## Records shown

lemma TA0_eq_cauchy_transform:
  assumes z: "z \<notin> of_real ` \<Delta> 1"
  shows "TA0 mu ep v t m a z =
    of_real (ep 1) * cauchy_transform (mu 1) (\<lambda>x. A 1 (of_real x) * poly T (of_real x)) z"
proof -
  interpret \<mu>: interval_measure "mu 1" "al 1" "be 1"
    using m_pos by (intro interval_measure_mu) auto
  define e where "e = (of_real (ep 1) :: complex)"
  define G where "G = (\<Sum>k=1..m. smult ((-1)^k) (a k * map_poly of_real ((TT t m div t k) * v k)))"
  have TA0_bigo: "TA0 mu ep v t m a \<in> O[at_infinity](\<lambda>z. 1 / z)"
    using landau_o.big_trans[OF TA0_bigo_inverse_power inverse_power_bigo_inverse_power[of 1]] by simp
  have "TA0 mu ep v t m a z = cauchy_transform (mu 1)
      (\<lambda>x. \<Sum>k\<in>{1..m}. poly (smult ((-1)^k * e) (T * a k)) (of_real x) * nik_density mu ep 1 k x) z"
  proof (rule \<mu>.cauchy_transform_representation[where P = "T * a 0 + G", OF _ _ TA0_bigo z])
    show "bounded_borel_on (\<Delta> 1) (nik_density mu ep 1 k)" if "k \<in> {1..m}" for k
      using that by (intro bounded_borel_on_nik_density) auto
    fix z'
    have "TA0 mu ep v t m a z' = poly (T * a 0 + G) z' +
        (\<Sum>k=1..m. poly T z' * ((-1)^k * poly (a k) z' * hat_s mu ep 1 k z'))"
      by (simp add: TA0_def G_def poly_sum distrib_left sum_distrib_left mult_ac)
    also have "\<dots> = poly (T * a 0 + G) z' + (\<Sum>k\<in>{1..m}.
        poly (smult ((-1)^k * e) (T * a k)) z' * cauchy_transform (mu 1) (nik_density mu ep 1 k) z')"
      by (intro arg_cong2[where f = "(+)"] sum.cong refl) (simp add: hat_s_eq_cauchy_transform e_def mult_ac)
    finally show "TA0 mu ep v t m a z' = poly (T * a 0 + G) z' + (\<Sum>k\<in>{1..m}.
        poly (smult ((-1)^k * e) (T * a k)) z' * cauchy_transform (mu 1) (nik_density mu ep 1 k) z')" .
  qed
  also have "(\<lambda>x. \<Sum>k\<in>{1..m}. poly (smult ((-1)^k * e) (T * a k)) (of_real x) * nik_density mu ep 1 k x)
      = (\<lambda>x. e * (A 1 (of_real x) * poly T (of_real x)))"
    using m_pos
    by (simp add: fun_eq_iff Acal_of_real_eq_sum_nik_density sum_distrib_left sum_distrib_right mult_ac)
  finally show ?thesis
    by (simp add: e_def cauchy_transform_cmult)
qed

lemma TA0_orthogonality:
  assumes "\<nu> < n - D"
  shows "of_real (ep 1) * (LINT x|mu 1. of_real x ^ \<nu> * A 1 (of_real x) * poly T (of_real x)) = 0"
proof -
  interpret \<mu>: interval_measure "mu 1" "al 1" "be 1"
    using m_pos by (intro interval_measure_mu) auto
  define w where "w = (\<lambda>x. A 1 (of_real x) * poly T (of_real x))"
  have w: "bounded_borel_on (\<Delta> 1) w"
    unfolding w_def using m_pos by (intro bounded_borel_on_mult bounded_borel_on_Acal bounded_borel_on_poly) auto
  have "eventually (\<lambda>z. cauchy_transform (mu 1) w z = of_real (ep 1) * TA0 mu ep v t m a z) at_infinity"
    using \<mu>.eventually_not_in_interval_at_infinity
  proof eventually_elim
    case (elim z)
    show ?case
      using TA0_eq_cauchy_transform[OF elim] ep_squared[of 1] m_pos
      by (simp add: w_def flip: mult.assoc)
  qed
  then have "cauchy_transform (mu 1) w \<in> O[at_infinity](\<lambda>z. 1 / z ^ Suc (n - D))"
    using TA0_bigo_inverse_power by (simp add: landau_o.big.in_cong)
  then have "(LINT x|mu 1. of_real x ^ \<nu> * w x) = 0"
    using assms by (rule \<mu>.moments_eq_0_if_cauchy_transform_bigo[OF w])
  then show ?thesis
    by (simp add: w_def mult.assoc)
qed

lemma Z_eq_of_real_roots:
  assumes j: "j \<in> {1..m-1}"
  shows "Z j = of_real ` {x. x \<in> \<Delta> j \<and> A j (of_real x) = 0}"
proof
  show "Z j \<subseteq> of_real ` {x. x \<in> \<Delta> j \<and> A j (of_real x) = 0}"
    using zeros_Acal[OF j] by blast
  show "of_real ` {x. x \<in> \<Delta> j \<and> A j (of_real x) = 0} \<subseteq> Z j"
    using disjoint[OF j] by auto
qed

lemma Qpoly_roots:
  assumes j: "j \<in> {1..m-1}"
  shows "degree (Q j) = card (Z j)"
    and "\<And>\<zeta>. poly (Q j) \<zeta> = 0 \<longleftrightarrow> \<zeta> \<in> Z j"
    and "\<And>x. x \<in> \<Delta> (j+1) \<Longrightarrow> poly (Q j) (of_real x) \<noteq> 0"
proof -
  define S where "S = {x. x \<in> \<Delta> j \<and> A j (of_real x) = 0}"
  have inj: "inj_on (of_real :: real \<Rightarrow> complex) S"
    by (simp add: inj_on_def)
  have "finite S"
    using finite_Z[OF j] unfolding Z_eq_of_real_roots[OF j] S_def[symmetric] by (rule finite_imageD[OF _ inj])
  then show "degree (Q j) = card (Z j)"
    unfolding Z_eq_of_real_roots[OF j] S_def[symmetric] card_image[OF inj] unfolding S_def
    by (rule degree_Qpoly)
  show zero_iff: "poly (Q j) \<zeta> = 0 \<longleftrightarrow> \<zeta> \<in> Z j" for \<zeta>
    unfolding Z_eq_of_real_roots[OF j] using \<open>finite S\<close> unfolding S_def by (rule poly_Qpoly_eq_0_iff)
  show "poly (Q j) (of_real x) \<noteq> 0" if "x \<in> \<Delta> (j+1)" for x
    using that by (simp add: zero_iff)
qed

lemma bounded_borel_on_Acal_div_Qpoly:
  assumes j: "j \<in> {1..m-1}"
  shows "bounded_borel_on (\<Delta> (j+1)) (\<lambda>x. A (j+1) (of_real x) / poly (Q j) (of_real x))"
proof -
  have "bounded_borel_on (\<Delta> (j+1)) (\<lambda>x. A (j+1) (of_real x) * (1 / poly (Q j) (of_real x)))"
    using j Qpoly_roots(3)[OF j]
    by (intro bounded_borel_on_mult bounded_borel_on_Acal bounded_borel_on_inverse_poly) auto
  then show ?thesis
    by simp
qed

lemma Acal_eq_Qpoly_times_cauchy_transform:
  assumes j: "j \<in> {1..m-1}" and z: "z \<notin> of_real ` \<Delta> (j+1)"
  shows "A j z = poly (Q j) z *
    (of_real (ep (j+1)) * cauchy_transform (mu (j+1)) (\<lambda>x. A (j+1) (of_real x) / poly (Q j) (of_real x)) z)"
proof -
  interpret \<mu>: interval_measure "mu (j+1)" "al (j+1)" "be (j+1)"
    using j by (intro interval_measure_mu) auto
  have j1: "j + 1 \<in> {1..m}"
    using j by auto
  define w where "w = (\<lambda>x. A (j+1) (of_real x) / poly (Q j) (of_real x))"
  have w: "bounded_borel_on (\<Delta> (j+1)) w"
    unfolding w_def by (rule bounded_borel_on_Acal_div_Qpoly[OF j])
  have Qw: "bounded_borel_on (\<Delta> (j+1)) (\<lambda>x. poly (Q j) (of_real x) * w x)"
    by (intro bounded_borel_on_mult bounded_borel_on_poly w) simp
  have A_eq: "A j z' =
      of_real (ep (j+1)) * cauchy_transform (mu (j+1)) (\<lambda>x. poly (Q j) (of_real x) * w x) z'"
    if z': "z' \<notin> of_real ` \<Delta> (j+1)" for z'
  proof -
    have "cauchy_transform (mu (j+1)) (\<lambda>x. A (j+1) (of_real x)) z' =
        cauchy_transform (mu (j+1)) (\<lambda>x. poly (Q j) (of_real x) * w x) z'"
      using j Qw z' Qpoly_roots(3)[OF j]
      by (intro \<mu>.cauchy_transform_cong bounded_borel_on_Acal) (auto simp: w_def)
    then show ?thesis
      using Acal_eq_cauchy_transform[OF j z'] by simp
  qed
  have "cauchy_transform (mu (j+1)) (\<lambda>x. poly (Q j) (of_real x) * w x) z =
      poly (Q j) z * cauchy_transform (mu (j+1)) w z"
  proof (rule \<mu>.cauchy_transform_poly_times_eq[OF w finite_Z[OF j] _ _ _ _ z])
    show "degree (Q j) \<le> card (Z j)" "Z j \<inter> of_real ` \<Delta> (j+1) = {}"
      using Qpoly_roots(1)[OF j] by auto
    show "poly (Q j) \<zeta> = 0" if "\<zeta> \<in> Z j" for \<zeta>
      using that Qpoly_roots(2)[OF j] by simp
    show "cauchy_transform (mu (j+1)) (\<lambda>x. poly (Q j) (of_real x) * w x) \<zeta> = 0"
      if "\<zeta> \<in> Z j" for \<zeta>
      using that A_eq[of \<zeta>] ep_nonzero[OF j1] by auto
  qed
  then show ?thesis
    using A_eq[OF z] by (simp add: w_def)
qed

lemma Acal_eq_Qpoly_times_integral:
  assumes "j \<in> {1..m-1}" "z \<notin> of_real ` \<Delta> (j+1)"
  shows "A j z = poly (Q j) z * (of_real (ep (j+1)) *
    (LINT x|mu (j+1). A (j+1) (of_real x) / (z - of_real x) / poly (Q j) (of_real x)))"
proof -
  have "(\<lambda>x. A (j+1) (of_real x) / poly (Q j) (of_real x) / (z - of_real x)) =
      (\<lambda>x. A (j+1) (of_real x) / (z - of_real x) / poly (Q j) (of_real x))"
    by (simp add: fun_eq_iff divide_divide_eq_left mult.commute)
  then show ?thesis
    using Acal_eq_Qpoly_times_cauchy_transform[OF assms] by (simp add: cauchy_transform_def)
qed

## Work task
Write out, without alteration, the line that contains "(j+1)) * cauchy_transform (mu (j+1)) (\<lambda>x. poly" and all subsequent lines down to the end of the data above.

## Answer to this task
      of_real (ep (j+1)) * cauchy_transform (mu (j+1)) (\<lambda>x. poly (Q j) (of_real x) * w x) z'"
    if z': "z' \<notin> of_real ` \<Delta> (j+1)" for z'
  proof -
    have "cauchy_transform (mu (j+1)) (\<lambda>x. A (j+1) (of_real x)) z' =
        cauchy_transform (mu (j+1)) (\<lambda>x. poly (Q j) (of_real x) * w x) z'"
      using j Qw z' Qpoly_roots(3)[OF j]
      by (intro \<mu>.cauchy_transform_cong bounded_borel_on_Acal) (auto simp: w_def)
    then show ?thesis
      using Acal_eq_cauchy_transform[OF j z'] by simp
  qed
  have "cauchy_transform (mu (j+1)) (\<lambda>x. poly (Q j) (of_real x) * w x) z =
      poly (Q j) z * cauchy_transform (mu (j+1)) w z"
  proof (rule \<mu>.cauchy_transform_poly_times_eq[OF w finite_Z[OF j] _ _ _ _ z])
    show "degree (Q j) \<le> card (Z j)" "Z j \<inter> of_real ` \<Delta> (j+1) = {}"
      using Qpoly_roots(1)[OF j] by auto
    show "poly (Q j) \<zeta> = 0" if "\<zeta> \<in> Z j" for \<zeta>
      using that Qpoly_roots(2)[OF j] by simp
    show "cauchy_transform (mu (j+1)) (\<lambda>x. poly (Q j) (of_real x) * w x) \<zeta> = 0"
      if "\<zeta> \<in> Z j" for \<zeta>
      using that A_eq[of \<zeta>] ep_nonzero[OF j1] by auto
  qed
  then show ?thesis
    using A_eq[OF z] by (simp add: w_def)
qed

lemma Acal_eq_Qpoly_times_integral:
  assumes "j \<in> {1..m-1}" "z \<notin> of_real ` \<Delta> (j+1)"
  shows "A j z = poly (Q j) z * (of_real (ep (j+1)) *
    (LINT x|mu (j+1). A (j+1) (of_real x) / (z - of_real x) / poly (Q j) (of_real x)))"
proof -
  have "(\<lambda>x. A (j+1) (of_real x) / poly (Q j) (of_real x) / (z - of_real x)) =
      (\<lambda>x. A (j+1) (of_real x) / (z - of_real x) / poly (Q j) (of_real x))"
    by (simp add: fun_eq_iff divide_divide_eq_left mult.commute)
  then show ?thesis
    using Acal_eq_Qpoly_times_cauchy_transform[OF assms] by (simp add: cauchy_transform_def)
qed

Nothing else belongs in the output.